If you’re looking for a new favorite author, read THE CONTRACTORS by Harry Hunsicker. Those familiar with Hunsicker’s Lee Harvey Oswald mystery series (featuring a Dallas private investigator who unfortunately bears a name that will forever live in infamy) know exactly what I’m talking about. His works are shot through with losers and users and sudden, explosive (though not unexpected) episodes of violence. It’s hard to guess who is going to emerge alive or at least intact. The overriding star of each book is the city of Dallas, which was thrust into the national spotlight in 1963 and remains so to one degree or another.
Jon Cantrell is an ex-cop --- the story behind the how and why of his separation from the the force is worth the price of admission all by itself --- who navigates the back streets of Dallas that the tour buses never touch. Cantrell and Piper, his professional and personal (though its complicated) partner, are employed by a private contractor, which, in turn, is employed by the DEA. Dallas, you see, is a major drug hub, and cartels, low-level hoods, and legal and semi-legal law enforcement entities are all in the mix, collecting bounties and trying to get a piece of the action while staying alive.
"THE CONTRACTORS reads like a treatment for a new Quentin Tarantino film, full of quirky --- and dangerous --- characters, twists and turns, and enough action to fill another two or three books."
THE CONTRACTORS begins with Cantrell and Piper being set up. What they think is going to be a major drug bust where they can collect a bounty on illegal drugs turns out to result in the discovery of a hostage who is married to a major cartel player. Cantrell gets double-crossed, which is a bad thing, given that he needs the money desperately to get his Alzheimer’s-afflicted father the medical treatment he needs. His efforts do little more than pull an already loose pin on a quite volatile situation, which results in him and Piper holding a high-tech instrument and a very dangerous informant while they are pursued by law enforcement, private agencies, cartels, and any number of extra-legal players with scores to settle.
The action plays out across some of the worst neighborhoods in Dallas before spilling over into the wilds of southwest Texas, where Cantrell and Piper commence an almost dreamlike but extremely violent journey to a small, almost forgotten town where they believe they’ll be safe. Along the way, they are caught in crossfires and double-crosses that seem to come non-stop, and at journey’s end, things just get worse. Cantrell and Piper will be lucky to walk away in one piece, if at all.
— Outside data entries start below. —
lemma rods_of_disjoint:
  "A \<in> rods_of p j xs \<Longrightarrow> B \<in> rods_of p j xs \<Longrightarrow> A \<noteq> B \<Longrightarrow> A \<inter> B = {}"
proof (induction xs arbitrary: j)
  case (Cons n xs)
  have "rod p j n \<inter> C = {}" if "C \<in> rods_of p (j + n) xs" for C
    using rod_subset_rods_of_interval[OF that] by (fastforce simp: rod_def algebra_simps)
  with Cons show ?case by auto
qed simp

lemma part_weight_rods_of:
  "0 < p \<Longrightarrow> \<forall>n\<in>set xs. 0 < n \<Longrightarrow> part_weight p q (rods_of p j xs) = prod_list (map q xs)"
  by (induction xs arbitrary: j)
     (simp_all add: part_weight_def finite_rods_of rod_notin_rods_of_after card_rod)

lemma rods_of_inject:
  assumes "0 < p" "\<forall>n\<in>set xs. 0 < n" "\<forall>n\<in>set ys. 0 < n" "rods_of p j xs = rods_of p j ys"
  shows "xs = ys"
  using assms(2-)
proof (induction xs arbitrary: j ys)
  case Nil
  then show ?case by (cases ys) auto
next
  case (Cons n xs)
  then obtain m ys' where ys: "ys = m # ys'" by (cases ys) auto
  have n: "0 < n" and m: "0 < m" using Cons.prems ys by auto
  have "rod p j n \<in> insert (rod p j m) (rods_of p (j + m) ys')"
    using Cons.prems(3) ys by (metis insertI1 rods_of.simps(2))
  moreover have "rod p j n \<notin> rods_of p (j + m) ys'"
  proof
    assume "rod p j n \<in> rods_of p (j + m) ys'"
    then have "p * j \<in> {p * (j + m)..<p * (j + m + sum_list ys')}"
      using rod_subset_rods_of_interval left_end_in_rod[OF assms(1) n] by blast
    with assms(1) m show False by simp
  qed
  ultimately have "rod p j n = rod p j m" by blast
  then have "n = m" using assms(1) by (metis card_rod mult_cancel1 not_gr0)
  have "rods_of p (j + n) xs = rods_of p j (n # xs) - {rod p j n}"
    using rod_notin_rods_of_after[OF assms(1) n] by simp
  also have "\<dots> = rods_of p (j + n) ys'"
    using Cons.prems(3) ys \<open>n = m\<close> rod_notin_rods_of_after[OF assms(1) m] by simp
  finally show ?case using Cons ys \<open>n = m\<close> by simp
qed

lemma rod_partition_left_rod:
  assumes p: "0 < p" and M: "0 < M" and U: "\<Union>P = {p * a..<p * (a + M)}"
    and rods: "\<forall>A\<in>P. \<exists>j n. 1 \<le> n \<and> A = rod p j n"
  obtains n where "0 < n" "n \<le> M" "rod p a n \<in> P"
proof -
  have "p * a \<in> \<Union>P" using U p M by simp
  then obtain A where A: "A \<in> P" "p * a \<in> A" by blast
  with rods obtain j n where n: "1 \<le> n" and An: "A = rod p j n" by blast
  have A_sub: "A \<subseteq> {p * a..<p * (a + M)}" using U A(1) by blast
  have "p * j \<in> A" using An n p by (simp add: left_end_in_rod)
  with A(2) A_sub An have "p * j = p * a" by (auto simp: rod_def)
  then have "j = a" using p by simp
  have "1 \<le> p * n" using n p by simp
  then have "p * a + (p * n - 1) \<in> A"
    unfolding An \<open>j = a\<close> rod_def atLeastLessThan_iff by linarith
  then have "p * a + (p * n - 1) < p * a + p * M"
    using A_sub by (auto simp: add_mult_distrib2)
  then have "p * n \<le> p * M" by linarith
  then have "n \<le> M" using p by simp
  with n A An \<open>j = a\<close> show thesis by (intro that) auto
qed

lemma rod_partition_eq_rods_of:
  assumes p: "0 < p" and U: "\<Union>P = {p * a..<p * (a + M)}"
    and disj: "\<forall>A\<in>P. \<forall>B\<in>P. A \<noteq> B \<longrightarrow> A \<inter> B = {}"
    and rods: "\<forall>A\<in>P. \<exists>j n. 1 \<le> n \<and> A = rod p j n"
  shows "\<exists>xs. (\<forall>n\<in>set xs. 0 < n) \<and> sum_list xs = M \<and> P = rods_of p a xs"
  using U disj rods
proof (induction M arbitrary: a P rule: less_induct)
  case (less M)
  show ?case
  proof (cases "M = 0")
    case True
    then have "\<Union>P = {}" using less.prems(1) by simp
    have "P = {}"
    proof (rule ccontr)
      assume "P \<noteq> {}"
      then obtain A where "A \<in> P" by blast
      with less.prems(3) obtain j n where "1 \<le> n" "A = rod p j n" by blast
      with p \<open>A \<in> P\<close> have "p * j \<in> \<Union>P" by (auto simp: left_end_in_rod)
      with \<open>\<Union>P = {}\<close> show False by blast
    qed
    with True show ?thesis by (intro exI[of _ "[]"]) simp
  next
    case False
    then obtain n where n: "0 < n" "n \<le> M" and A: "rod p a n \<in> P"
      using rod_partition_left_rod[OF p _ less.prems(1) less.prems(3)] by blast
    define P' where "P' = P - {rod p a n}"
    have "\<Union>P' = \<Union>P - rod p a n"
      using less.prems(2) A unfolding P'_def by blast
    also have "\<dots> = {p * (a + n)..<p * (a + n + (M - n))}"
      unfolding less.prems(1) rod_def using n by (auto simp: add_mult_distrib2)
    finally have U': "\<Union>P' = {p * (a + n)..<p * (a + n + (M - n))}" .
    have "M - n < M" using n by simp
    moreover have "\<forall>A\<in>P'. \<forall>B\<in>P'. A \<noteq> B \<longrightarrow> A \<inter> B = {}"
      using less.prems(2) by (simp add: P'_def)
    moreover have "\<forall>A\<in>P'. \<exists>j n. 1 \<le> n \<and> A = rod p j n"
      using less.prems(3) by (simp add: P'_def)
    ultimately obtain xs where xs: "\<forall>n\<in>set xs. 0 < n" "sum_list xs = M - n" "P' = rods_of p (a + n) xs"
      using less.IH[OF _ U'] by meson
    have "P = rods_of p a (n # xs)" using A xs(3) unfolding P'_def by auto
    with xs n show ?thesis by (intro exI[of _ "n # xs"]) auto
  qed
qed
THE CONTRACTORS reads like a treatment for a new Quentin Tarantino film, full of quirky --- and dangerous --- characters, twists and turns, and enough action to fill another two or three books. The experience of reading it is akin to sitting in a dark closet while someone opens the door at irregular intervals and lobs flashbang grenades inside. That’s a compliment, in case you’re in doubt. I’m not sure whether the book is intended as a stand-alone work or the first in a series, but I would welcome more of Cantrell and the complicated Piper sooner rather than later.